PROBLEM DESCRIPTION -
When you reach the line in the listing below that contains "length p \<and>", begin returning lines exactly as written, and stop after the line that contains "height ts))) \<in>". Return no other lines.

TASK DATA -
(* For every rooted tree $T_r$, the vertex set of $T_r$ contains two disjoint homometric sets, each of size at least $f(T_r)$.
   Context: For a tree $T_r$ rooted at $r$, let $h(T_r)$ be the number of vertices on a longest path in $T_r$ starting at $r$ (so a single vertex has $h=1$); the empty tree $T_\emptyset$ has $h(T_\emptyset)=0$ and $f(T_\emptyset)=0$. For a vertex $v$, $T_v$ denotes the subtree rooted at $v$ consisting of $v$ and its descendants. The function $f$ is defined recursively: if $|V(T_r)|\le 1$ then $f(T_r)=0$; otherwise let the children of $r$ be $v_1,\dots,v_k$ ordered so that $h(T_{v_1})\ge h(T_{v_2})\ge\dots\ge h(T_{v_k})$, where, if the number of children is odd, an extra empty tree $T_{v_k}=T_\emptyset$ is appended so that $k$ is even; then $$f(T_r)=\max\Big\{\sum_{i=1}^{k} f(T_{v_i}),\ \sum_{i=1}^{k/2} h(T_{v_{2i}})\Big\}.$$ The profile of a vertex set is the multiset of pairwise distances (in the tree) between its distinct vertices; two disjoint vertex sets are homometric if their profiles are equal, and the size of the pair is the common cardinality. *)

theory Defs
  imports Main "HOL-Library.Multiset" "HOL-Library.List_Lexorder"
begin

text \<open>Finite rooted trees: a node with a (finite) list of children subtrees.
  Vertices are addressed by positions (paths of child indices from the root).\<close>

datatype rtree = Nd "rtree list"

text \<open>Number of vertices on a longest path starting at the root.\<close>
fun height :: "rtree \<Rightarrow> nat" where
  "height (Nd ts) = Suc (Max (insert 0 (set (map height ts))))"

inductive is_pos :: "rtree \<Rightarrow> nat list \<Rightarrow> bool" where
  root: "is_pos t []"
| child: "i < length ts \<Longrightarrow> is_pos (ts ! i) p \<Longrightarrow> is_pos (Nd ts) (i # p)"

definition verts :: "rtree \<Rightarrow> nat list set" where
  "verts t = {p. is_pos t p}"

text \<open>Longest common prefix of two positions (their lowest common ancestor).\<close>
fun lcp :: "nat list \<Rightarrow> nat list \<Rightarrow> nat list" where
  "lcp (a # xs) (b # ys) = (if a = b then a # lcp xs ys else [])"
| "lcp _ _ = []"

text \<open>Tree distance: up from u to the lowest common ancestor, then down to v.\<close>
definition tdist :: "nat list \<Rightarrow> nat list \<Rightarrow> nat" where
  "tdist u v = length u + length v - 2 * length (lcp u v)"

text \<open>Profile: multiset of distances over all unordered pairs of distinct vertices
  (each unordered pair counted once, via a fixed linear order on positions).\<close>
definition profile :: "nat list set \<Rightarrow> nat multiset" where
  "profile S = image_mset (\<lambda>(u, v). tdist u v) (mset_set {(u, v). u \<in> S \<and> v \<in> S \<and> u < v})"

definition homometric :: "nat list set \<Rightarrow> nat list set \<Rightarrow> bool" where
  "homometric A B \<longleftrightarrow> A \<inter> B = {} \<and> profile A = profile B"

definition padded_heights :: "rtree list \<Rightarrow> nat list" where
  "padded_heights ts = (let hs = rev (sort (map height ts))
                        in if odd (length hs) then hs @ [0] else hs)"

fun f :: "rtree \<Rightarrow> nat" where
  "f (Nd ts) = (if ts = [] then 0 else
     max (sum_list (map f ts))
         (\<Sum>i<length (padded_heights ts) div 2. padded_heights ts ! (2 * i + 1)))"

end

theory Submission imports Defs "HOL-Combinatorics.Permutations" begin

text \<open>Call two vertex sets equivalent if they have the same multiset of distances
  over ordered pairs and the same multiset of depths. Equivalent sets are homometric. If the
  children of the root carry equivalent pairs \<open>X\<^sub>k \<sim> Y\<^sub>k\<close>, then the unions over the children are
  again equivalent: distances inside one child are preserved, and a distance between two
  different children is the sum of the two depths plus 2, so it is controlled by the depth
  multisets. Gluing the pairs supplied by induction gives the bound \<open>\<Sum> f(T\<^sub>v\<^sub>i)\<close>. Alternatively,
  pair the children of heights \<open>h\<^sub>1 \<ge> h\<^sub>2\<close>, \<open>h\<^sub>3 \<ge> h\<^sub>4\<close>, \<dots> and take in each pair the
  top \<open>h\<^sub>2\<^sub>i\<close> vertices of a longest path in either child; two such paths are equivalent, which
  gives the bound \<open>\<Sum> h\<^sub>2\<^sub>i\<close>.\<close>

lemma length_lcp_le: "length (lcp p q) \<le> length p \<and> length (lcp p q) \<le> length q"
  by (induction p q rule: lcp.induct) auto

lemma lcp_commute: "lcp p q = lcp q p"
  by (induction p q rule: lcp.induct) auto

lemma lcp_self: "lcp p p = p"
  by (induction p) auto

lemma lcp_take_take: "lcp (take a w) (take b w) = take (min a b) w"
proof (induction w arbitrary: a b)
  case (Cons x w)
  then show ?case by (cases a; cases b) auto
qed simp

lemma tdist_commute: "tdist u v = tdist v u"
  unfolding tdist_def by (simp add: lcp_commute add.commute)

lemma tdist_self: "tdist u u = 0"
  unfolding tdist_def by (simp add: lcp_self)

lemma tdist_Cons_Cons:
  "tdist (a # p) (b # q) = (if a = b then tdist p q else length p + length q + 2)"
  using length_lcp_le[of p q] unfolding tdist_def by auto

lemma tdist_take_take:
  "a \<le> length w \<Longrightarrow> b \<le> length w \<Longrightarrow> tdist (take a w) (take b w) = (if a \<le> b then b - a else a - b)"
  unfolding tdist_def lcp_take_take by auto

lemma is_pos_take: "is_pos t w \<Longrightarrow> is_pos t (take a w)"
proof (induction arbitrary: a rule: is_pos.induct)
  case (root t)
  then show ?case by (simp add: is_pos.root)
next
  case (child i ts p)
  then show ?case by (cases a) (auto intro: is_pos.intros)
qed

lemma Cons_in_verts_Nd: "i < length ts \<Longrightarrow> p \<in> verts (ts ! i) \<Longrightarrow> i # p \<in> verts (Nd ts)"
  unfolding verts_def by (auto intro: is_pos.child)

lemma exists_pos_length_height: "\<exists>w. is_pos t w \<and> Suc (length w) = height t"
proof (induction t)
  case (Nd ts)
  show ?case
  proof (cases "ts = []")
    case True
    then show ?thesis by (auto intro: is_pos.root)
  next
    case False
    then have "Max (insert 0 (set (map height ts))) \<in> set (map height ts)"
      by (simp add: Max_insert Max_in)
    then obtain i where i: "i < length ts" "height (ts ! i) = Max (insert 0 (set (map height ts)))"
      by (auto simp: in_set_conv_nth)
    obtain w where "is_pos (ts ! i) w" "Suc (length w) = height (ts ! i)"
      using Nd.IH[of "ts ! i"] i(1) by auto
    with i show ?thesis by (auto intro: is_pos.child exI[of _ "i # w"])
  qed
qed

lemma longest_root_path:
  obtains w :: "rtree \<Rightarrow> nat list" where "\<And>t. is_pos t (w t)" "\<And>t. Suc (length (w t)) = height t"
  using exists_pos_length_height by metis

subsection \<open>Distance-and-depth equivalence\<close>

text \<open>Equality of all these sums says that the multisets of distances over ordered pairs, and
  the multisets of depths, coincide.\<close>

definition dist_depth_equiv :: "nat list set \<Rightarrow> nat list set \<Rightarrow> bool" where
  "dist_depth_equiv X Y \<longleftrightarrow> finite X \<and> finite Y \<and>
     (\<forall>g::nat\<Rightarrow>nat. (\<Sum>u\<in>X. \<Sum>v\<in>X. g (tdist u v)) = (\<Sum>u\<in>Y. \<Sum>v\<in>Y. g (tdist u v))) \<and>
     (\<forall>g::nat\<Rightarrow>nat. (\<Sum>u\<in>X. g (length u)) = (\<Sum>u\<in>Y. g (length u)))"

lemma dist_depth_equivD:
  fixes g :: "nat \<Rightarrow> nat"
  assumes "dist_depth_equiv X Y"
  shows "finite X" "finite Y"
    "(\<Sum>u\<in>X. \<Sum>v\<in>X. g (tdist u v)) = (\<Sum>u\<in>Y. \<Sum>v\<in>Y. g (tdist u v))"
    "(\<Sum>u\<in>X. g (length u)) = (\<Sum>u\<in>Y. g (length u))"
  using assms unfolding dist_depth_equiv_def by blast+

THE ANSWER -
lemma length_lcp_le: "length (lcp p q) \<le> length p \<and> length (lcp p q) \<le> length q"
  by (induction p q rule: lcp.induct) auto

lemma lcp_commute: "lcp p q = lcp q p"
  by (induction p q rule: lcp.induct) auto

lemma lcp_self: "lcp p p = p"
  by (induction p) auto

lemma lcp_take_take: "lcp (take a w) (take b w) = take (min a b) w"
proof (induction w arbitrary: a b)
  case (Cons x w)
  then show ?case by (cases a; cases b) auto
qed simp

lemma tdist_commute: "tdist u v = tdist v u"
  unfolding tdist_def by (simp add: lcp_commute add.commute)

lemma tdist_self: "tdist u u = 0"
  unfolding tdist_def by (simp add: lcp_self)

lemma tdist_Cons_Cons:
  "tdist (a # p) (b # q) = (if a = b then tdist p q else length p + length q + 2)"
  using length_lcp_le[of p q] unfolding tdist_def by auto

lemma tdist_take_take:
  "a \<le> length w \<Longrightarrow> b \<le> length w \<Longrightarrow> tdist (take a w) (take b w) = (if a \<le> b then b - a else a - b)"
  unfolding tdist_def lcp_take_take by auto

lemma is_pos_take: "is_pos t w \<Longrightarrow> is_pos t (take a w)"
proof (induction arbitrary: a rule: is_pos.induct)
  case (root t)
  then show ?case by (simp add: is_pos.root)
next
  case (child i ts p)
  then show ?case by (cases a) (auto intro: is_pos.intros)
qed

lemma Cons_in_verts_Nd: "i < length ts \<Longrightarrow> p \<in> verts (ts ! i) \<Longrightarrow> i # p \<in> verts (Nd ts)"
  unfolding verts_def by (auto intro: is_pos.child)

lemma exists_pos_length_height: "\<exists>w. is_pos t w \<and> Suc (length w) = height t"
proof (induction t)
  case (Nd ts)
  show ?case
  proof (cases "ts = []")
    case True
    then show ?thesis by (auto intro: is_pos.root)
  next
    case False
    then have "Max (insert 0 (set (map height ts))) \<in> set (map height ts)"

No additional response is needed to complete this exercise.